El fondo de compensación de daños

Ante la desbandada de las compañías productoras de vacunas y con el miedo de volver a padecer epidemias mortales, el Congreso de los EEUU se vio forzado a aprobar en 1986 la creación del Programa Nacional de Compensación de Daños por Vacunas (NVICP), para proteger a las empresas de demandas no siempre apoyadas por evidencia científica. Este programa sigue actualmente en vigor, financiado por un impuesto federal que grava la venta de cada dosis de vacuna, pudiendo así compensarlos gastos médicos de las familias y cubrir las indemnizaciones por los daños causados por la administración de vacunas. Gracias a la existencia de este fondo, los fabricantes se mantuvieron en el negocio.

Desafortunadamente, el NVICP también presenta algunas debilidades. Los que se consideran afectados siempre puede optar por llevar su caso a juicio. Así, hay todavía cientos de demandas pendientes de resolución en los tribunales de EEUU por los supuestos daños causados por el timerosal (un conservante que contenía etilmercurio, presente en su día en algunas vacunas) aunque los estudios epidemiológicos posteriores han demostrado que los niños que recibieron estas vacunas no tienen un mayor riesgo de padecer problemas neurológicos. Por otro lado, el NVICP sólo cubre los gastos de las vacunes incluidas de forma rutinaria en el calendario de vacunación infantil por lo que algunas vacunas, como la diseñada contra la enfermedad de Lyme, un cuadro febril y de dolores articulares transmitida por la picadura de garrapata, no están cubiertas por este fondo.
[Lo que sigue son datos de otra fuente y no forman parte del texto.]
(* Consider the weighted case $d_i=\sqrt{n/(i(n-i))}$ for $i=1,\dots,n-1$. Fix $n\ge2$, any $u\in\{1,\dots,n-1\}$ and $\sigma^2>0$. Let $(\beta^*_{u,j})_{j\ge1}$ be a real sequence with $\frac1p\sum_{j=1}^p(\beta^*_{u,j})^2\to\bar\beta^2$, where $0<\bar\beta^2<\infty$. For each $p$, let $\beta^*\in\mathbb{R}^{(n-1)\times p}$ have only its $u$-th row nonzero, equal to $(\beta^*_{u,1},\dots,\beta^*_{u,p})$, let $W\in\mathbb{R}^{n\times p}$ have i.i.d. $N(0,\sigma^2)$ entries, and $\bar Y=\bar X\beta^*+W$. Then the probability that the first change-point $\hat u_p$ selected by the weighted group fused Lasso equals $u$ tends to $1$ as $p\to\infty$.
   Context: For positive weights $d_1,\dots,d_{n-1}$, $X$ is the $n\times(n-1)$ matrix with $X_{k,j}=d_j$ if $k>j$ and $0$ otherwise, and $\bar X$ is obtained from $X$ by centering each column to mean zero; explicitly $\bar X_{k,i}=(i/n-1)d_i$ for $k\le i$ and $\bar X_{k,i}=(i/n)d_i$ for $k>i$. The group fused Lasso on centered data $\bar Y\in\mathbb{R}^{n\times p}$ with parameter $\lambda>0$ is $\min_{\beta\in\mathbb{R}^{(n-1)\times p}}\frac12\|\bar Y-\bar X\beta\|^2+\lambda\sum_{i=1}^{n-1}\|\beta_{i,\bullet}\|$. The first change-point selected is $\hat u_p\in\arg\max_i\|(\bar X^\top\bar Y)_{i,\bullet}\|$ (the first row to become nonzero as $\lambda$ decreases), ties broken arbitrarily. *)

theory Defs
  imports "HOL-Probability.Probability"
begin

text \<open>Indices: rows k in {1..n}, change-point columns i in {1..n-1}, data columns j in {1..p}.\<close>

definition gfl_weight :: "nat \<Rightarrow> nat \<Rightarrow> real" where
  "gfl_weight n i = sqrt (real n / (real i * (real n - real i)))"

definition Xbar :: "nat \<Rightarrow> (nat \<Rightarrow> real) \<Rightarrow> nat \<Rightarrow> nat \<Rightarrow> real" where
  "Xbar n d k i = (if k \<le> i then (real i / real n - 1) * d i else (real i / real n) * d i)"

definition XtY :: "nat \<Rightarrow> (nat \<Rightarrow> real) \<Rightarrow> (nat \<Rightarrow> nat \<Rightarrow> real) \<Rightarrow> nat \<Rightarrow> nat \<Rightarrow> real" where
  "XtY n d Y i j = (\<Sum>k=1..n. Xbar n d k i * Y k j)"

definition row_norm_XtY :: "nat \<Rightarrow> nat \<Rightarrow> (nat \<Rightarrow> real) \<Rightarrow> (nat \<Rightarrow> nat \<Rightarrow> real) \<Rightarrow> nat \<Rightarrow> real" where
  "row_norm_XtY n p d Y i = sqrt (\<Sum>j=1..p. (XtY n d Y i j)\<^sup>2)"

text \<open>First selected change-point equals u (regardless of the tie-breaking rule):
  u is the unique maximiser of the row norms.\<close>
definition first_cp_is :: "nat \<Rightarrow> nat \<Rightarrow> (nat \<Rightarrow> real) \<Rightarrow> (nat \<Rightarrow> nat \<Rightarrow> real) \<Rightarrow> nat \<Rightarrow> bool" where
  "first_cp_is n p d Y u \<longleftrightarrow>
     (\<forall>i\<in>{1..n-1}. i \<noteq> u \<longrightarrow> row_norm_XtY n p d Y i < row_norm_XtY n p d Y u)"

definition Ybar :: "nat \<Rightarrow> (nat \<Rightarrow> real) \<Rightarrow> nat \<Rightarrow> (nat \<Rightarrow> real) \<Rightarrow> (nat \<times> nat \<Rightarrow> real) \<Rightarrow> nat \<Rightarrow> nat \<Rightarrow> real" where
  "Ybar n d u b W k j = (\<Sum>i=1..n-1. Xbar n d k i * (if i = u then b j else 0)) + W (k, j)"

definition noise_measure :: "nat \<Rightarrow> nat \<Rightarrow> real \<Rightarrow> (nat \<times> nat \<Rightarrow> real) measure" where
  "noise_measure n p \<sigma> = PiM ({1..n} \<times> {1..p}) (\<lambda>_. density lborel (normal_density 0 \<sigma>))"

end

theory Submission
  imports Defs
begin

(* Write c_i for the i-th column of the centered design and
   Z_i = (Xbar^T Ybar)_{i,*}.  With the weights d_i = sqrt(n/(i(n-i))) every column
   has unit norm, and gamma_i = <c_i, c_u> satisfies gamma_u = 1, gamma_i^2 < 1 for i ~= u.
   Column j of the data gives Z_{ij} = gamma_i b_j + <c_i, W_{*j}>, so
     |Z_u|^2 - |Z_i|^2 = sum_j D_j,
   where the "column contrasts" D_j are independent, E D_j = (1 - gamma_i^2) b_j^2 and
   Var D_j <= A b_j^2 + B with A, B independent of p.  Chebyshev's inequality bounds
   P(sum_j D_j <= 0) by (A S_p + B p) / ((1 - gamma_i^2) S_p)^2 = O(1/p), where
   S_p = sum_j b_j^2 ~ p beta^2.  A union bound over the n - 2 competitors i ~= u ends
   the proof. *)

section \<open>Square integrability, variances of sums and the second moment method\<close>

lemma abs_mult_le_sum_squares: "\<bar>a * b\<bar> \<le> a\<^sup>2 + (b::real)\<^sup>2"
proof -
  have "0 \<le> (\<bar>a\<bar> - \<bar>b\<bar>)\<^sup>2" by simp
  then have "2 * (\<bar>a\<bar> * \<bar>b\<bar>) \<le> \<bar>a\<bar>\<^sup>2 + \<bar>b\<bar>\<^sup>2" by (simp add: power2_diff)
  moreover have "0 \<le> \<bar>a\<bar> * \<bar>b\<bar>" by simp
  ultimately show ?thesis unfolding abs_mult power2_abs by linarith
qed

lemma sq_add_le: "(x + y)\<^sup>2 \<le> 2 * x\<^sup>2 + 2 * (y::real)\<^sup>2"
proof -
  have "0 \<le> (x - y)\<^sup>2" by simp
  then show ?thesis by (simp add: power2_sum power2_diff)
qed

lemma (in finite_measure) integrable_mult_sq:
  fixes f g :: "'a \<Rightarrow> real"
  assumes [measurable]: "f \<in> borel_measurable M" "g \<in> borel_measurable M"
    and "integrable M (\<lambda>x. (f x)\<^sup>2)" "integrable M (\<lambda>x. (g x)\<^sup>2)"
  shows "integrable M (\<lambda>x. f x * g x)"
proof (rule Bochner_Integration.integrable_bound)
  show "integrable M (\<lambda>x. (f x)\<^sup>2 + (g x)\<^sup>2)" using assms by auto
  show "AE x in M. norm (f x * g x) \<le> norm ((f x)\<^sup>2 + (g x)\<^sup>2)"
    using abs_mult_le_sum_squares by auto
qed simp

lemma (in finite_measure) integrable_sq_add:
  fixes f g :: "'a \<Rightarrow> real"
  assumes [measurable]: "f \<in> borel_measurable M" "g \<in> borel_measurable M"
    and "integrable M (\<lambda>x. (f x)\<^sup>2)" "integrable M (\<lambda>x. (g x)\<^sup>2)"
  shows "integrable M (\<lambda>x. (f x + g x)\<^sup>2)"
proof -
  have "integrable M (\<lambda>x. (f x)\<^sup>2 + (g x)\<^sup>2 + 2 * (f x * g x))"
    using integrable_mult_sq[OF assms] assms by auto
  then show ?thesis by (simp add: power2_sum mult.assoc)
qed

lemma (in finite_measure) integrable_sq_sum:
  fixes f :: "'i \<Rightarrow> 'a \<Rightarrow> real"
  assumes "finite J" "\<And>j. j \<in> J \<Longrightarrow> f j \<in> borel_measurable M"
    "\<And>j. j \<in> J \<Longrightarrow> integrable M (\<lambda>x. (f j x)\<^sup>2)"
  shows "integrable M (\<lambda>x. (\<Sum>j\<in>J. f j x)\<^sup>2)"
  using assms
proof (induction J rule: finite_induct)
  case empty then show ?case by simp
next
  case (insert a F)
  have "(\<lambda>x. \<Sum>j\<in>F. f j x) \<in> borel_measurable M"
    using insert by (intro borel_measurable_sum) auto
  with insert show ?case by (simp add: integrable_sq_add)
qed

lemma (in prob_space) indep_vars_expectation_mult:
  fixes X :: "'i \<Rightarrow> 'a \<Rightarrow> real"
  assumes "indep_vars (\<lambda>_. borel) X J" "j \<in> J" "k \<in> J" "j \<noteq> k"
    and "integrable M (X j)" "integrable M (X k)"
  shows "expectation (\<lambda>x. X j x * X k x) = expectation (X j) * expectation (X k)"
proof -
  have "indep_vars (\<lambda>_. borel) X {j, k}"
    by (rule indep_vars_subset[OF assms(1)]) (use assms in auto)
  then have "expectation (\<lambda>x. \<Prod>i\<in>{j,k}. X i x) = (\<Prod>i\<in>{j,k}. expectation (X i))"
    by (intro indep_vars_lebesgue_integral) (use assms in auto)
  then show ?thesis using assms(4) by simp
qed

lemma (in prob_space) variance_sum_indep:
  fixes Y :: "'i \<Rightarrow> 'a \<Rightarrow> real"
  assumes fin: "finite J" and ind: "indep_vars (\<lambda>_. borel) Y J"
    and sq: "\<And>j. j \<in> J \<Longrightarrow> integrable M (\<lambda>x. (Y j x)\<^sup>2)"
  shows "variance (\<lambda>x. \<Sum>j\<in>J. Y j x) = (\<Sum>j\<in>J. variance (Y j))"
proof -
  have meas[measurable]: "Y j \<in> borel_measurable M" if "j \<in> J" for j
    using ind that by (auto simp: indep_vars_def)
  have int: "integrable M (Y j)" if "j \<in> J" for j
    using square_integrable_imp_integrable[OF meas[OF that] sq[OF that]] .
  define C where "C j x = Y j x - expectation (Y j)" for j x
  have Csq: "integrable M (\<lambda>x. (C j x)\<^sup>2)" if "j \<in> J" for j
    unfolding C_def diff_conv_add_uminus
    by (rule integrable_sq_add) (use that sq in auto)
  have Cint: "integrable M (C j)" if "j \<in> J" for j
    unfolding C_def using int[OF that] by auto
  have Cmean: "expectation (C j) = 0" if "j \<in> J" for j
    unfolding C_def using int[OF that] by (simp add: prob_space)
  have indC: "indep_vars (\<lambda>_. borel) C J"
    unfolding C_def by (rule indep_vars_compose2[OF ind]) auto
  have cross: "expectation (\<lambda>x. C j x * C k x) = (if j = k then variance (Y j) else 0)"
    if "j \<in> J" "k \<in> J" for j k
  proof (cases "j = k")
    case True then show ?thesis by (simp add: C_def power2_eq_square)
  next
    case False then show ?thesis
      using indep_vars_expectation_mult[OF indC that False Cint Cint] that Cmean by simp
  qed
  have Csq_prod: "integrable M (\<lambda>x. C j x * C k x)" if "j \<in> J" "k \<in> J" for j k
    by (rule integrable_mult_sq) (use that Csq in \<open>auto simp: C_def\<close>)
  have "expectation (\<lambda>x. \<Sum>j\<in>J. Y j x) = (\<Sum>j\<in>J. expectation (Y j))"
    using int by (simp add: Bochner_Integration.integral_sum)
  then have "variance (\<lambda>x. \<Sum>j\<in>J. Y j x) = expectation (\<lambda>x. (\<Sum>j\<in>J. C j x)\<^sup>2)"
    by (simp add: C_def sum_subtractf)
  also have "\<dots> = expectation (\<lambda>x. \<Sum>j\<in>J. \<Sum>k\<in>J. C j x * C k x)"
    by (simp add: power2_eq_square sum_product)
  also have "\<dots> = (\<Sum>j\<in>J. \<Sum>k\<in>J. expectation (\<lambda>x. C j x * C k x))"
    using Csq_prod by (simp add: Bochner_Integration.integral_sum Bochner_Integration.integrable_sum)
  also have "\<dots> = (\<Sum>j\<in>J. variance (Y j))"
    using fin by (simp add: cross sum.delta cong: sum.cong)
  finally show ?thesis .
qed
El fabricante de esta vacuna tuvo que gastar millones de dólares para defender su producto y sus ventas disminuyeron drásticamente, debido a los rumores de que producía artritis crónica, dolores musculares, pérdida de memoria y parálisis. La vacuna fue finalmente retirada del mercado en el año 2002 y aunque dos grandes estudios epidemiológicos posteriores no encontraron ninguna evidencia de los efectos adversos que provocaron su retirada, sigue sin estar comercializada.

El caso Wakefield

Pero el caso que más probablemente cambió el tema judicial fue el causado por Andrew Wakefield, un médico que se hizo famoso al vincular la vacuna triple vírica al autismo infantil. Sus declaraciones sembraron de nuevo el pánico en Gran Bretaña, acaparando decenas de portadas en la prensa. Posteriormente, se descubrió que el trabajo de Wakefield no sólo era incorrecto, sino que se trataba de un fraude elaborado, ya que había establecido varios acuerdos de negocios para comercializar “vacunas más seguras”, y “kits de diagnóstico” con los que preveía unos ingresos anuales cercanos a los 40 millones de dólares. El trabajo de Wakefield fue retirado por la revista que lo publicó y su licencia médica revocada. Aun así, se invirtió y se invierte actualmente mucho dinero en seguir estudiando esta posible asociación, a pesar de que estudio tras estudio, se ha revelado inconsistente. Sin embargo, muchos grupos contrarios a la vacunación, siguen utilizando la obra de Wakefield para alimentar el falso debate sobre la seguridad de las vacunas. Peor aún, con este caso se abrió el camino para iniciar lucrativas demandas fraudulentas basadas en una evidencia científica más que discutible.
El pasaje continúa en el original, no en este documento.